Fig. 4 shows a block diagram of an image registration apparatus according to an embodiment of the present disclosure, as shown in fig. 4, the apparatus including:

an obtaining module 41, configured to obtain a first image and a second image that are synchronously acquired for a same scene;

an extraction module 42, configured to extract image features of the first image and image features of the second image, respectively;

a first determining module 43, configured to obtain a conversion relationship between the image coordinate of the first image and the image coordinate of the second image according to the image feature of the first image and the image feature of the second image;

a registration module 44, configured to determine second keypoints in the second image corresponding to the first keypoints based on the transformation relation and the image coordinates of the first keypoints in the first image.

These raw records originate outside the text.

(* Let $X$ be a topological space. Then $X$ is core-compact if and only if its symmetric pseudogroup $\mathscr{I}(X)$ is continuous.
   Context: The symmetric pseudogroup $\mathscr{I}(X)$ is the set of all homeomorphisms $f:U\to V$ between open subsets $U=\mathrm{dom}(f)$ and $V$ of $X$, with product: for $f:U\to V$ and $f_1:U_1\to V_1$, $f_1\cdot f : x\mapsto f_1(f(x))$ defined on $f^{-1}(V\cap U_1)$ with values in $f_1(V\cap U_1)$; it is an inverse semigroup with $f^*=f^{-1}$. Its intrinsic order is $f\leqslant g$ iff $f=g|_U$ for some open $U\subseteq\mathrm{dom}(g)$. In a poset, $x$ is way-below $y$ ($x\ll y$) if for every directed subset $D$ (nonempty, any two elements having an upper bound in $D$) that has a supremum with $y\leqslant\sup D$, there is $d\in D$ with $x\leqslant d$. A poset is continuous if for every $s$ the set $\{t: t\ll s\}$ is directed with supremum $s$; $\mathscr{I}(X)$ is continuous if it is so for its intrinsic order. $X$ is core-compact if the collection of closed subsets of $X$, ordered by reverse inclusion $\supseteq$, is a continuous poset. *)

theory Defs
  imports "HOL-Analysis.Analysis"
begin

definition directed_in :: "'b set \<Rightarrow> ('b \<Rightarrow> 'b \<Rightarrow> bool) \<Rightarrow> 'b set \<Rightarrow> bool" where
  "directed_in A le D \<longleftrightarrow> D \<subseteq> A \<and> D \<noteq> {} \<and>
     (\<forall>x\<in>D. \<forall>y\<in>D. \<exists>z\<in>D. le x z \<and> le y z)"

definition is_sup_in :: "'b set \<Rightarrow> ('b \<Rightarrow> 'b \<Rightarrow> bool) \<Rightarrow> 'b set \<Rightarrow> 'b \<Rightarrow> bool" where
  "is_sup_in A le D s \<longleftrightarrow> s \<in> A \<and> (\<forall>d\<in>D. le d s) \<and>
     (\<forall>u\<in>A. (\<forall>d\<in>D. le d u) \<longrightarrow> le s u)"

definition way_below :: "'b set \<Rightarrow> ('b \<Rightarrow> 'b \<Rightarrow> bool) \<Rightarrow> 'b \<Rightarrow> 'b \<Rightarrow> bool" where
  "way_below A le x y \<longleftrightarrow>
     (\<forall>D. directed_in A le D \<longrightarrow> (\<forall>s. is_sup_in A le D s \<longrightarrow> le y s \<longrightarrow> (\<exists>d\<in>D. le x d)))"

definition continuous_poset :: "'b set \<Rightarrow> ('b \<Rightarrow> 'b \<Rightarrow> bool) \<Rightarrow> bool" where
  "continuous_poset A le \<longleftrightarrow>
     (\<forall>s\<in>A. directed_in A le {t\<in>A. way_below A le t s} \<and>
             is_sup_in A le {t\<in>A. way_below A le t s} s)"

definition core_compact :: "'a topology \<Rightarrow> bool" where
  "core_compact X \<longleftrightarrow> continuous_poset {C. closedin X C} (\<lambda>C D. D \<subseteq> C)"

text \<open>A partial homeomorphism f : U -> V between open subsets is represented as a
  partial map with domain U = dom f and image V = ran f.\<close>
definition sym_pseudogroup :: "'a topology \<Rightarrow> ('a \<rightharpoonup> 'a) set" where
  "sym_pseudogroup X = {f. openin X (dom f) \<and> openin X (ran f) \<and>
      homeomorphic_map (subtopology X (dom f)) (subtopology X (ran f)) (\<lambda>x. the (f x))}"

definition pg_mult :: "('a \<rightharpoonup> 'a) \<Rightarrow> ('a \<rightharpoonup> 'a) \<Rightarrow> ('a \<rightharpoonup> 'a)" where
  "pg_mult f1 f = f1 \<circ>\<^sub>m f"

definition pg_le :: "'a topology \<Rightarrow> ('a \<rightharpoonup> 'a) \<Rightarrow> ('a \<rightharpoonup> 'a) \<Rightarrow> bool" where
  "pg_le X f g \<longleftrightarrow> (\<exists>U. openin X U \<and> U \<subseteq> dom g \<and> f = g |` U)"

end

theory Submission
  imports Defs
begin

text \<open>Both sides reduce to continuity of the frame of open sets of \<open>X\<close>. Complementation is an
  order isomorphism from the closed sets under reverse inclusion onto the open sets under
  inclusion, and continuity is invariant under order isomorphisms. In the pseudogroup, the
  elements below \<open>f\<close> are the restrictions of \<open>f\<close> to open subsets of its domain, and the domain
  of a supremum is the union of the domains; hence \<open>g \<ll> f\<close> iff \<open>g \<le> f\<close> and
  \<open>dom g \<ll> dom f\<close>, so continuity at \<open>f\<close> is continuity of the open sets at \<open>dom f\<close>. Every
  open set is the domain of an identity map, which gives the equivalence.\<close>

definition continuous_at_in :: "'b set \<Rightarrow> ('b \<Rightarrow> 'b \<Rightarrow> bool) \<Rightarrow> 'b \<Rightarrow> bool" where
  "continuous_at_in A le s \<longleftrightarrow>
     directed_in A le {t\<in>A. way_below A le t s} \<and> is_sup_in A le {t\<in>A. way_below A le t s} s"

lemma continuous_poset_iff_at: "continuous_poset A le \<longleftrightarrow> (\<forall>s\<in>A. continuous_at_in A le s)"
  unfolding continuous_poset_def continuous_at_in_def ..

lemma directed_in_subset: "directed_in A le D \<Longrightarrow> D \<subseteq> A"
  unfolding directed_in_def by simp

lemma way_belowD:
  "way_below A le x y \<Longrightarrow> directed_in A le D \<Longrightarrow> is_sup_in A le D s \<Longrightarrow> le y s \<Longrightarrow> \<exists>d\<in>D. le x d"
  unfolding way_below_def by blast

lemma way_below_imp_le:
  assumes "way_below A le x y" "y \<in> A" "le y y"
  shows "le x y"
proof -
  have "directed_in A le {y}" "is_sup_in A le {y} y"
    using assms(2,3) unfolding directed_in_def is_sup_in_def by auto
  then show ?thesis
    using way_belowD[OF assms(1)] assms(3) by blast
qed

lemma directed_in_image:
  assumes "directed_in A le D" "\<phi> ` D \<subseteq> B" "\<And>x y. x \<in> D \<Longrightarrow> y \<in> D \<Longrightarrow> le x y \<Longrightarrow> le' (\<phi> x) (\<phi> y)"
  shows "directed_in B le' (\<phi> ` D)"
  using assms unfolding directed_in_def by (simp add: image_iff) meson

lemma directed_in_image_iff:
  assumes "D \<subseteq> A" "\<phi> ` D \<subseteq> B" "\<And>x y. x \<in> D \<Longrightarrow> y \<in> D \<Longrightarrow> le' (\<phi> x) (\<phi> y) \<longleftrightarrow> le x y"
  shows "directed_in B le' (\<phi> ` D) \<longleftrightarrow> directed_in A le D"
  using assms unfolding directed_in_def by auto

lemma is_sup_in_image_iff:
  assumes "\<phi> ` A = B" "D \<subseteq> A" "s \<in> A" "\<And>x y. x \<in> A \<Longrightarrow> y \<in> A \<Longrightarrow> le' (\<phi> x) (\<phi> y) \<longleftrightarrow> le x y"
  shows "is_sup_in B le' (\<phi> ` D) (\<phi> s) \<longleftrightarrow> is_sup_in A le D s"
  using assms unfolding is_sup_in_def by (simp add: subset_iff) blast

lemma way_below_image_iff:
  assumes B: "\<phi> ` A = B" and "x \<in> A" "y \<in> A"
    and emb: "\<And>x y. x \<in> A \<Longrightarrow> y \<in> A \<Longrightarrow> le' (\<phi> x) (\<phi> y) \<longleftrightarrow> le x y"
  shows "way_below B le' (\<phi> x) (\<phi> y) \<longleftrightarrow> way_below A le x y"
proof -
  have "way_below B le' (\<phi> x) (\<phi> y) \<longleftrightarrow>
      (\<forall>D'\<subseteq>\<phi> ` A. directed_in B le' D' \<longrightarrow>
        (\<forall>s'\<in>\<phi> ` A. is_sup_in B le' D' s' \<longrightarrow> le' (\<phi> y) s' \<longrightarrow> (\<exists>d\<in>D'. le' (\<phi> x) d)))"
    unfolding way_below_def directed_in_def is_sup_in_def B by blast
  also have "\<dots> \<longleftrightarrow> (\<forall>D\<subseteq>A. directed_in B le' (\<phi> ` D) \<longrightarrow>
        (\<forall>s\<in>A. is_sup_in B le' (\<phi> ` D) (\<phi> s) \<longrightarrow> le' (\<phi> y) (\<phi> s) \<longrightarrow> (\<exists>d\<in>D. le' (\<phi> x) (\<phi> d))))"
    unfolding all_subset_image by simp
  also have "\<dots> \<longleftrightarrow> (\<forall>D\<subseteq>A. directed_in A le D \<longrightarrow>
        (\<forall>s\<in>A. is_sup_in A le D s \<longrightarrow> le y s \<longrightarrow> (\<exists>d\<in>D. le x d)))"
  proof -
    have dir: "directed_in B le' (\<phi> ` D) \<longleftrightarrow> directed_in A le D" if "D \<subseteq> A" for D
      by (rule directed_in_image_iff) (use that B emb in auto)
    have sup: "is_sup_in B le' (\<phi> ` D) (\<phi> s) \<longleftrightarrow> is_sup_in A le D s" if "D \<subseteq> A" "s \<in> A" for D s
      by (rule is_sup_in_image_iff) (use that B emb in auto)
    have bound: "le' (\<phi> y) (\<phi> s) \<longleftrightarrow> le y s" if "s \<in> A" for s
      using emb assms(3) that .
    have witness: "(\<exists>d\<in>D. le' (\<phi> x) (\<phi> d)) \<longleftrightarrow> (\<exists>d\<in>D. le x d)" if "D \<subseteq> A" for D
      using emb assms(2) that by blast
    show ?thesis
      by (simp add: dir sup bound witness)
  qed
  also have "\<dots> \<longleftrightarrow> way_below A le x y"
    unfolding way_below_def directed_in_def is_sup_in_def by blast
  finally show ?thesis .
qed

lemma continuous_poset_image_iff:
  assumes B: "\<phi> ` A = B"
    and emb: "\<And>x y. x \<in> A \<Longrightarrow> y \<in> A \<Longrightarrow> le' (\<phi> x) (\<phi> y) \<longleftrightarrow> le x y"
  shows "continuous_poset A le \<longleftrightarrow> continuous_poset B le'"
proof -
  have "continuous_at_in B le' (\<phi> s) \<longleftrightarrow> continuous_at_in A le s" if s: "s \<in> A" for s
  proof -
    have "{t\<in>B. way_below B le' t (\<phi> s)} = \<phi> ` {t\<in>A. way_below A le t s}"
      using way_below_image_iff[where le=le, OF B _ s emb] B by auto
    moreover have "directed_in B le' (\<phi> ` {t\<in>A. way_below A le t s}) \<longleftrightarrow>
        directed_in A le {t\<in>A. way_below A le t s}"
      by (rule directed_in_image_iff) (use B emb in auto)
    moreover have "is_sup_in B le' (\<phi> ` {t\<in>A. way_below A le t s}) (\<phi> s) \<longleftrightarrow>
        is_sup_in A le {t\<in>A. way_below A le t s} s"
      by (rule is_sup_in_image_iff) (use B s emb in auto)
    ultimately show ?thesis
      unfolding continuous_at_in_def by simp
  qed
  then show ?thesis
    unfolding continuous_poset_iff_at B[symmetric] by simp
qed

abbreviation open_sets :: "'a topology \<Rightarrow> 'a set set" where
  "open_sets X \<equiv> {U. openin X U}"

lemma is_sup_in_open_sets_iff:
  assumes "\<U> \<subseteq> open_sets X"
  shows "is_sup_in (open_sets X) (\<subseteq>) \<U> S \<longleftrightarrow> S = \<Union>\<U>"
proof -
  have "openin X (\<Union>\<U>)"
    using assms by blast
  then show ?thesis
    unfolding is_sup_in_def by blast
qed

lemma core_compact_iff_continuous_open_sets:
  "core_compact X \<longleftrightarrow> continuous_poset (open_sets X) (\<subseteq>)"
proof -
  have "(\<lambda>C. topspace X - C) ` {C. closedin X C} = open_sets X"
  proof (intro equalityI subsetI)
    fix U assume "U \<in> open_sets X"
    then have "U = topspace X - (topspace X - U)" "closedin X (topspace X - U)"
      using openin_subset by blast+
    then show "U \<in> (\<lambda>C. topspace X - C) ` {C. closedin X C}"
      by blast
  qed auto
  moreover have "topspace X - C \<subseteq> topspace X - D \<longleftrightarrow> D \<subseteq> C"
    if "C \<in> {C. closedin X C}" "D \<in> {C. closedin X C}" for C D
    using that closedin_subset by blast
  ultimately show ?thesis
    unfolding core_compact_def by (rule continuous_poset_image_iff)
qed

lemma restrict_map_Int_dom: "f |` (U \<inter> dom f) = f |` U"
  by (auto simp: restrict_map_def fun_eq_iff)

lemma pg_le_iff: "pg_le X g f \<longleftrightarrow> openin X (dom g) \<and> dom g \<subseteq> dom f \<and> g = f |` dom g"
proof
  assume "pg_le X g f"
  then obtain U where "openin X U" "U \<subseteq> dom f" "g = f |` U"
    unfolding pg_le_def by blast
  moreover from calculation have "dom g = U"
    by auto
  ultimately show "openin X (dom g) \<and> dom g \<subseteq> dom f \<and> g = f |` dom g"
    by simp
qed (auto simp: pg_le_def)

lemma pg_le_refl: "openin X (dom f) \<Longrightarrow> pg_le X f f"
  unfolding pg_le_iff by (auto simp: restrict_map_def fun_eq_iff)

lemma pg_le_trans:
  assumes "pg_le X g f" "pg_le X f h"
  shows "pg_le X g h"
proof -
  have "g = h |` dom f |` dom g" "dom g \<subseteq> dom f"
    using assms unfolding pg_le_iff by auto
  then have "g = h |` dom g"
    by (simp add: Int_absorb1)
  then show ?thesis
    using assms unfolding pg_le_iff by auto
qed

lemma pg_le_restrict: "openin X (dom f) \<Longrightarrow> openin X U \<Longrightarrow> pg_le X (f |` U) f"
  unfolding pg_le_iff by (auto simp: Int_commute restrict_map_Int_dom)

lemma pg_le_apply: "pg_le X g f \<Longrightarrow> x \<in> dom g \<Longrightarrow> g x = f x"
  unfolding pg_le_iff by (metis restrict_in)

lemma pg_le_below_common:
  assumes g: "pg_le X g s" and d: "pg_le X d s" and sub: "dom g \<subseteq> dom d"
  shows "pg_le X g d"
proof -
  have "d |` dom g = s |` dom d |` dom g"
    using d unfolding pg_le_iff by simp
  also have "\<dots> = s |` dom g"
    using sub by (simp add: Int_absorb1)
  also have "\<dots> = g"
    using g unfolding pg_le_iff by simp
  finally show ?thesis
    using g sub unfolding pg_le_iff by simp
qed

lemma pg_le_restrict_mono:
  assumes "openin X (dom f)" "openin X U" "openin X W" "U \<subseteq> W"
  shows "pg_le X (f |` U) (f |` W)"
  by (rule pg_le_below_common[OF pg_le_restrict pg_le_restrict]) (use assms in auto)

lemma openin_dom_sym_pseudogroup: "f \<in> sym_pseudogroup X \<Longrightarrow> openin X (dom f)"
  unfolding sym_pseudogroup_def by simp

In some embodiments, functions of or modules included in the apparatus provided in the embodiments of the present disclosure may be used to execute the method described in the above method embodiments, and specific implementation thereof may refer to the description of the above method embodiments, and for brevity, will not be described again here.

Embodiments of the present disclosure also provide a computer-readable storage medium having stored thereon computer program instructions, which when executed by a processor, implement the above-mentioned method. The computer readable storage medium may be a non-volatile computer readable storage medium.

An embodiment of the present disclosure further provides an electronic device, including: a processor; a memory for storing processor-executable instructions; wherein the processor is configured to invoke the memory-stored instructions to perform the above-described method.

The disclosed embodiments also provide a computer program product comprising computer readable code which, when run on a device, a processor in the device executes instructions for implementing the image registration method provided in any of the above embodiments.

The embodiments of the present disclosure also provide another computer program product for storing computer readable instructions, which when executed cause a computer to perform the operations of the image registration method provided in any of the above embodiments.

The electronic device may be provided as a terminal, server, or other form of device.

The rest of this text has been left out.